(INFORMATION PROVIDED begins)

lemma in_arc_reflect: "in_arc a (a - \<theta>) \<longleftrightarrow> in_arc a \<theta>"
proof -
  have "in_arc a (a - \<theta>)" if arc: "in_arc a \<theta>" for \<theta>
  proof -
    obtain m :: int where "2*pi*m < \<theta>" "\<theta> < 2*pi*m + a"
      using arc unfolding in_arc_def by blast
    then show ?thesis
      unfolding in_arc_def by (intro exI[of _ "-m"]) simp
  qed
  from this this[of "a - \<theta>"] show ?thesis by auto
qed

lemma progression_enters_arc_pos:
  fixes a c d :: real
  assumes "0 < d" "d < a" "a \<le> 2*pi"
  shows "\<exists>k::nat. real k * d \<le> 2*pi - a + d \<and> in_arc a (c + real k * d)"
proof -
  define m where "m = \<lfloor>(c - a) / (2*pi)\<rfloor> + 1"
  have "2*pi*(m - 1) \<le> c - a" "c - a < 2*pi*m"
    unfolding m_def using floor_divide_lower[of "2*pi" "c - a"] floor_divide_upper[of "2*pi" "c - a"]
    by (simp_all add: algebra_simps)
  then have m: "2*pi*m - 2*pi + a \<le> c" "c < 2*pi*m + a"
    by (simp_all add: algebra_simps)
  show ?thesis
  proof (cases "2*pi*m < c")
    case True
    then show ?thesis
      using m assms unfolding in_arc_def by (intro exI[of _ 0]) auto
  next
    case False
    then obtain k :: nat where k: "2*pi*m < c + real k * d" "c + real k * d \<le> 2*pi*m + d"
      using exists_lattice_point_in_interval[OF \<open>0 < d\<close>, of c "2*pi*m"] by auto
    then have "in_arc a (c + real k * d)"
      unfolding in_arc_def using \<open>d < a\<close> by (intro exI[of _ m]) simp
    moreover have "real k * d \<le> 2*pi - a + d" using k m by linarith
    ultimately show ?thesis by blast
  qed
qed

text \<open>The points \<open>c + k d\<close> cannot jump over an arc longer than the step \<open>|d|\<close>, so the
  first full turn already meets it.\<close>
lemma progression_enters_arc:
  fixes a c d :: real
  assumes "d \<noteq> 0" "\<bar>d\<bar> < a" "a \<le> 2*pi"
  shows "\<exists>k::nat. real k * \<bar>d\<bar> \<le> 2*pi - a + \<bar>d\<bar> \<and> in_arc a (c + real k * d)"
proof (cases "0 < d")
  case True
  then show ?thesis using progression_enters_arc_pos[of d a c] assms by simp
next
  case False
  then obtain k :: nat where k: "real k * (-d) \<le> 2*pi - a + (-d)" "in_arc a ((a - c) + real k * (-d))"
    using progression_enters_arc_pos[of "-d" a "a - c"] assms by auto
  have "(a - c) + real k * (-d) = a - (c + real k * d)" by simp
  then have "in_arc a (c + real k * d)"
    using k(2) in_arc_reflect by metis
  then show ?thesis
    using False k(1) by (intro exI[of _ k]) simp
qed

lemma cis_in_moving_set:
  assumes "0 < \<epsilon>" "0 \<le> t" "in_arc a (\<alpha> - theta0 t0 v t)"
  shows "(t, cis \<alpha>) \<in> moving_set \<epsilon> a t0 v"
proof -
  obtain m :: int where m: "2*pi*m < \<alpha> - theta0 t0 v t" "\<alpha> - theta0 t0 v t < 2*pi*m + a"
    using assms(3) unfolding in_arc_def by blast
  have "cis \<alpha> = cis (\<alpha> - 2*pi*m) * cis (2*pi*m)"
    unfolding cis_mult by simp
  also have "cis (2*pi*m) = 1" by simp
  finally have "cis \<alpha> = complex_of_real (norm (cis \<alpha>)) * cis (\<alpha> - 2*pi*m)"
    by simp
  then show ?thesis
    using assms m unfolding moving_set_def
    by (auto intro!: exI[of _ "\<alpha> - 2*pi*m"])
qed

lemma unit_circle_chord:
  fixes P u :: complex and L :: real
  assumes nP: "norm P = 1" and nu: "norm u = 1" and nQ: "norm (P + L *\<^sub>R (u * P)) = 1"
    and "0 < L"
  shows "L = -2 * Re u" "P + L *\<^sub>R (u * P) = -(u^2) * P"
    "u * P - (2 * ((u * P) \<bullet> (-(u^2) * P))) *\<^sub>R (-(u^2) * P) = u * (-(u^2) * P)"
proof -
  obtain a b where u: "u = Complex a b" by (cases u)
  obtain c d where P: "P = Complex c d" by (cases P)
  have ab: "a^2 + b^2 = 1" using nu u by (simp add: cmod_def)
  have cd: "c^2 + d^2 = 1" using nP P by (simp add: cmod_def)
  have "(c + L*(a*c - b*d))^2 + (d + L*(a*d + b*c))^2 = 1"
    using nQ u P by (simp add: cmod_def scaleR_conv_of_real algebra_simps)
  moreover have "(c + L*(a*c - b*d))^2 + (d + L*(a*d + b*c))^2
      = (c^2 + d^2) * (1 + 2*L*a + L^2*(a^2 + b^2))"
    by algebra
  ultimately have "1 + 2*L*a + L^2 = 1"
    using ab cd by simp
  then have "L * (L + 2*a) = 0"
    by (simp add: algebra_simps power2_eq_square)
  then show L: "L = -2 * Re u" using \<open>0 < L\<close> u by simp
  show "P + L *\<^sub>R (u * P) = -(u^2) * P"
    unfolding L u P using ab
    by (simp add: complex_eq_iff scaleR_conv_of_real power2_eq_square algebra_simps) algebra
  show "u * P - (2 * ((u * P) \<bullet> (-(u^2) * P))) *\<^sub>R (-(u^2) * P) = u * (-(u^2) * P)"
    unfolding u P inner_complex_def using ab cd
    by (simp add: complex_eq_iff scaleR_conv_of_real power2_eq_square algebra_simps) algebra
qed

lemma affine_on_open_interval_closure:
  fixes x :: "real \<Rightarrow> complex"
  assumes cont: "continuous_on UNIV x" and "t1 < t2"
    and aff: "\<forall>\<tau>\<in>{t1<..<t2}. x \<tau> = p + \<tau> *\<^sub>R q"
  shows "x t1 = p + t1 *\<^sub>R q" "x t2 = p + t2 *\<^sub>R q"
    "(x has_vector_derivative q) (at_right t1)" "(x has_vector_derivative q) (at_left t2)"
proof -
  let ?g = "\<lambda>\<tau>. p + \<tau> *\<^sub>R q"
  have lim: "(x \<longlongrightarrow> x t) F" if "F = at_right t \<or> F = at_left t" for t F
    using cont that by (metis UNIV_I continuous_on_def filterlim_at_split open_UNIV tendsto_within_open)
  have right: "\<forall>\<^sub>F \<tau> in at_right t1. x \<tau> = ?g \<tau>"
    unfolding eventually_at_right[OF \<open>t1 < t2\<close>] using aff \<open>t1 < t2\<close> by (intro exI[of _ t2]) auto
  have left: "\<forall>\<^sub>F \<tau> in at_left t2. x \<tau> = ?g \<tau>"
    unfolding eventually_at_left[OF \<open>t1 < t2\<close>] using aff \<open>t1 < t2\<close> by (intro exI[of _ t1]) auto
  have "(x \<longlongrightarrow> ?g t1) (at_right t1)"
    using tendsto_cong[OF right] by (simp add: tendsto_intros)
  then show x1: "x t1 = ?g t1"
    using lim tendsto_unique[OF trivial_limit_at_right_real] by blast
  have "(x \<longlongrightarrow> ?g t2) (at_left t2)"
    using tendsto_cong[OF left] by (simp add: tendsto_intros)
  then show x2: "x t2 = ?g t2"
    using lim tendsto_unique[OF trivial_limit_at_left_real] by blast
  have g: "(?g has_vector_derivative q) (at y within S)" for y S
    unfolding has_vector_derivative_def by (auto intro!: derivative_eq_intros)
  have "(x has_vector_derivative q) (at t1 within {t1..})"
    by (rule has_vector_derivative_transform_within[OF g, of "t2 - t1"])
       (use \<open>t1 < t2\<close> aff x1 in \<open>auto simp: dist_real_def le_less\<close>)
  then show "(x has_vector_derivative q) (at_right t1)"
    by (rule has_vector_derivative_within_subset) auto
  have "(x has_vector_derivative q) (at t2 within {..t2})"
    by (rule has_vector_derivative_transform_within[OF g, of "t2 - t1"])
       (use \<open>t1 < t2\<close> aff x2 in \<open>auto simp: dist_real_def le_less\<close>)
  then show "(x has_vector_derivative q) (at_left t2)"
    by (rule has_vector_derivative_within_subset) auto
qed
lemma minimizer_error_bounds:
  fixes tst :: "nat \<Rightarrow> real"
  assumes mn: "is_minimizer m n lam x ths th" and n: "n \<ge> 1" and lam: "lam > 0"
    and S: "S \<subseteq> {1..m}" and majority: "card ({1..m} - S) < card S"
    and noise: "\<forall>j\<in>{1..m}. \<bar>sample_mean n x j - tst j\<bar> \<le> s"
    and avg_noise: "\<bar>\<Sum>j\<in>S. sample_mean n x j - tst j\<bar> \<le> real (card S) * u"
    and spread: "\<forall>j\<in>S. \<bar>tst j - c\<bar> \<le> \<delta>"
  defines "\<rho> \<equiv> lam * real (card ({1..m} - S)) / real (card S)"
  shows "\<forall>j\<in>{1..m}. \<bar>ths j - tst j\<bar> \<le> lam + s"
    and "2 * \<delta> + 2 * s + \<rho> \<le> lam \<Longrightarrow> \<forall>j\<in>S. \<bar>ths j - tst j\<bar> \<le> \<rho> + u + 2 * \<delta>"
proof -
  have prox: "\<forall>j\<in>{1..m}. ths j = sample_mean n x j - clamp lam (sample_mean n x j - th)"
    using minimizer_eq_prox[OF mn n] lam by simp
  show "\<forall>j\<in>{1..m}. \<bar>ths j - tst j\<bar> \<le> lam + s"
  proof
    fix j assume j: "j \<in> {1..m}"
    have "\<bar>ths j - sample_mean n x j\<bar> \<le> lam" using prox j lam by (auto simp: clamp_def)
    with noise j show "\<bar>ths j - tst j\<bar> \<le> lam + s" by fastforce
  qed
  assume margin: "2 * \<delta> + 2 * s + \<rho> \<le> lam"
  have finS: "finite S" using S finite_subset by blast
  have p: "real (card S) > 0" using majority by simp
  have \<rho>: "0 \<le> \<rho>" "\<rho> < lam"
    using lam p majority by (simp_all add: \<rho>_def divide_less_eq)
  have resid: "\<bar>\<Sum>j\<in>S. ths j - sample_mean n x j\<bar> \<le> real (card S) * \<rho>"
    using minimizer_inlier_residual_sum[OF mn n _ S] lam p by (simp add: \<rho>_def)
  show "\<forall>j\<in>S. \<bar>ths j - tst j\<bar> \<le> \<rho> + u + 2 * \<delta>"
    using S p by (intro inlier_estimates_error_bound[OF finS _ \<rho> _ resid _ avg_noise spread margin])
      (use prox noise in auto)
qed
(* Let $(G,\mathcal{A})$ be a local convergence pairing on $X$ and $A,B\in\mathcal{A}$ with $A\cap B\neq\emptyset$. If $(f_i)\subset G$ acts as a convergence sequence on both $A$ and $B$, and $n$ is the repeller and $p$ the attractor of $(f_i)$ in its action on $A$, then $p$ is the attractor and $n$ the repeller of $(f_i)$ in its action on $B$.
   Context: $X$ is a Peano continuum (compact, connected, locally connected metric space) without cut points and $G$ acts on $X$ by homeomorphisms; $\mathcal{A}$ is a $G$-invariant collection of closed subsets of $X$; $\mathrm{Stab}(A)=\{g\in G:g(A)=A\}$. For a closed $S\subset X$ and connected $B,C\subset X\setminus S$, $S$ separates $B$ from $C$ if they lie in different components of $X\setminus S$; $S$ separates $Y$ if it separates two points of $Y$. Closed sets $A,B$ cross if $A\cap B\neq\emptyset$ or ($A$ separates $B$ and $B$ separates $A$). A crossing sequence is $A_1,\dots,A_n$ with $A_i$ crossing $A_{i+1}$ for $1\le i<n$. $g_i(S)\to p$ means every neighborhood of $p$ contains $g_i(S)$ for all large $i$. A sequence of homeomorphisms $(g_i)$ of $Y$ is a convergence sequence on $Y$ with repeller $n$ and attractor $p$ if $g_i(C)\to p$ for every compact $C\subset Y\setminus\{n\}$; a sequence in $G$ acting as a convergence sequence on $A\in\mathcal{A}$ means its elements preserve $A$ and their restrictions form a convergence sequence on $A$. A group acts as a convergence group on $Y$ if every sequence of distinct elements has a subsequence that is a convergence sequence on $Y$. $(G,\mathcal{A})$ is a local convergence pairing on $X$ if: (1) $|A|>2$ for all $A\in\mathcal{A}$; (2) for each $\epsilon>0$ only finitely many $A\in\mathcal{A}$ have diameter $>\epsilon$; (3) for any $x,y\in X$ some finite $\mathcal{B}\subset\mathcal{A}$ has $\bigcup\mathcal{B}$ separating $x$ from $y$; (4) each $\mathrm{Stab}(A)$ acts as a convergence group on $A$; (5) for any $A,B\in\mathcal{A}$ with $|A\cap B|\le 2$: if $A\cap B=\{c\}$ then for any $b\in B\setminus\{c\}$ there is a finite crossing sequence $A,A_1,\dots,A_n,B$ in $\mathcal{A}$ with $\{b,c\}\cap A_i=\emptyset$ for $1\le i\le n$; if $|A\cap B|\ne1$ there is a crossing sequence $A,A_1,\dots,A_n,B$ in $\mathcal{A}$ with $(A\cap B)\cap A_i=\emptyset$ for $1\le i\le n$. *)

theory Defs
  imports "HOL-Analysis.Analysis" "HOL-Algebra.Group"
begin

(INFORMATION PROVIDED ends)

Working from the records above, write out verbatim only the lines from the line containing "2*L*a + L^2*(a^2" through the line containing "p + t1 *\<^sub>R".

      = (c^2 + d^2) * (1 + 2*L*a + L^2*(a^2 + b^2))"
    by algebra
  ultimately have "1 + 2*L*a + L^2 = 1"
    using ab cd by simp
  then have "L * (L + 2*a) = 0"
    by (simp add: algebra_simps power2_eq_square)
  then show L: "L = -2 * Re u" using \<open>0 < L\<close> u by simp
  show "P + L *\<^sub>R (u * P) = -(u^2) * P"
    unfolding L u P using ab
    by (simp add: complex_eq_iff scaleR_conv_of_real power2_eq_square algebra_simps) algebra
  show "u * P - (2 * ((u * P) \<bullet> (-(u^2) * P))) *\<^sub>R (-(u^2) * P) = u * (-(u^2) * P)"
    unfolding u P inner_complex_def using ab cd
    by (simp add: complex_eq_iff scaleR_conv_of_real power2_eq_square algebra_simps) algebra
qed

lemma affine_on_open_interval_closure:
  fixes x :: "real \<Rightarrow> complex"
  assumes cont: "continuous_on UNIV x" and "t1 < t2"
    and aff: "\<forall>\<tau>\<in>{t1<..<t2}. x \<tau> = p + \<tau> *\<^sub>R q"
  shows "x t1 = p + t1 *\<^sub>R q" "x t2 = p + t2 *\<^sub>R q"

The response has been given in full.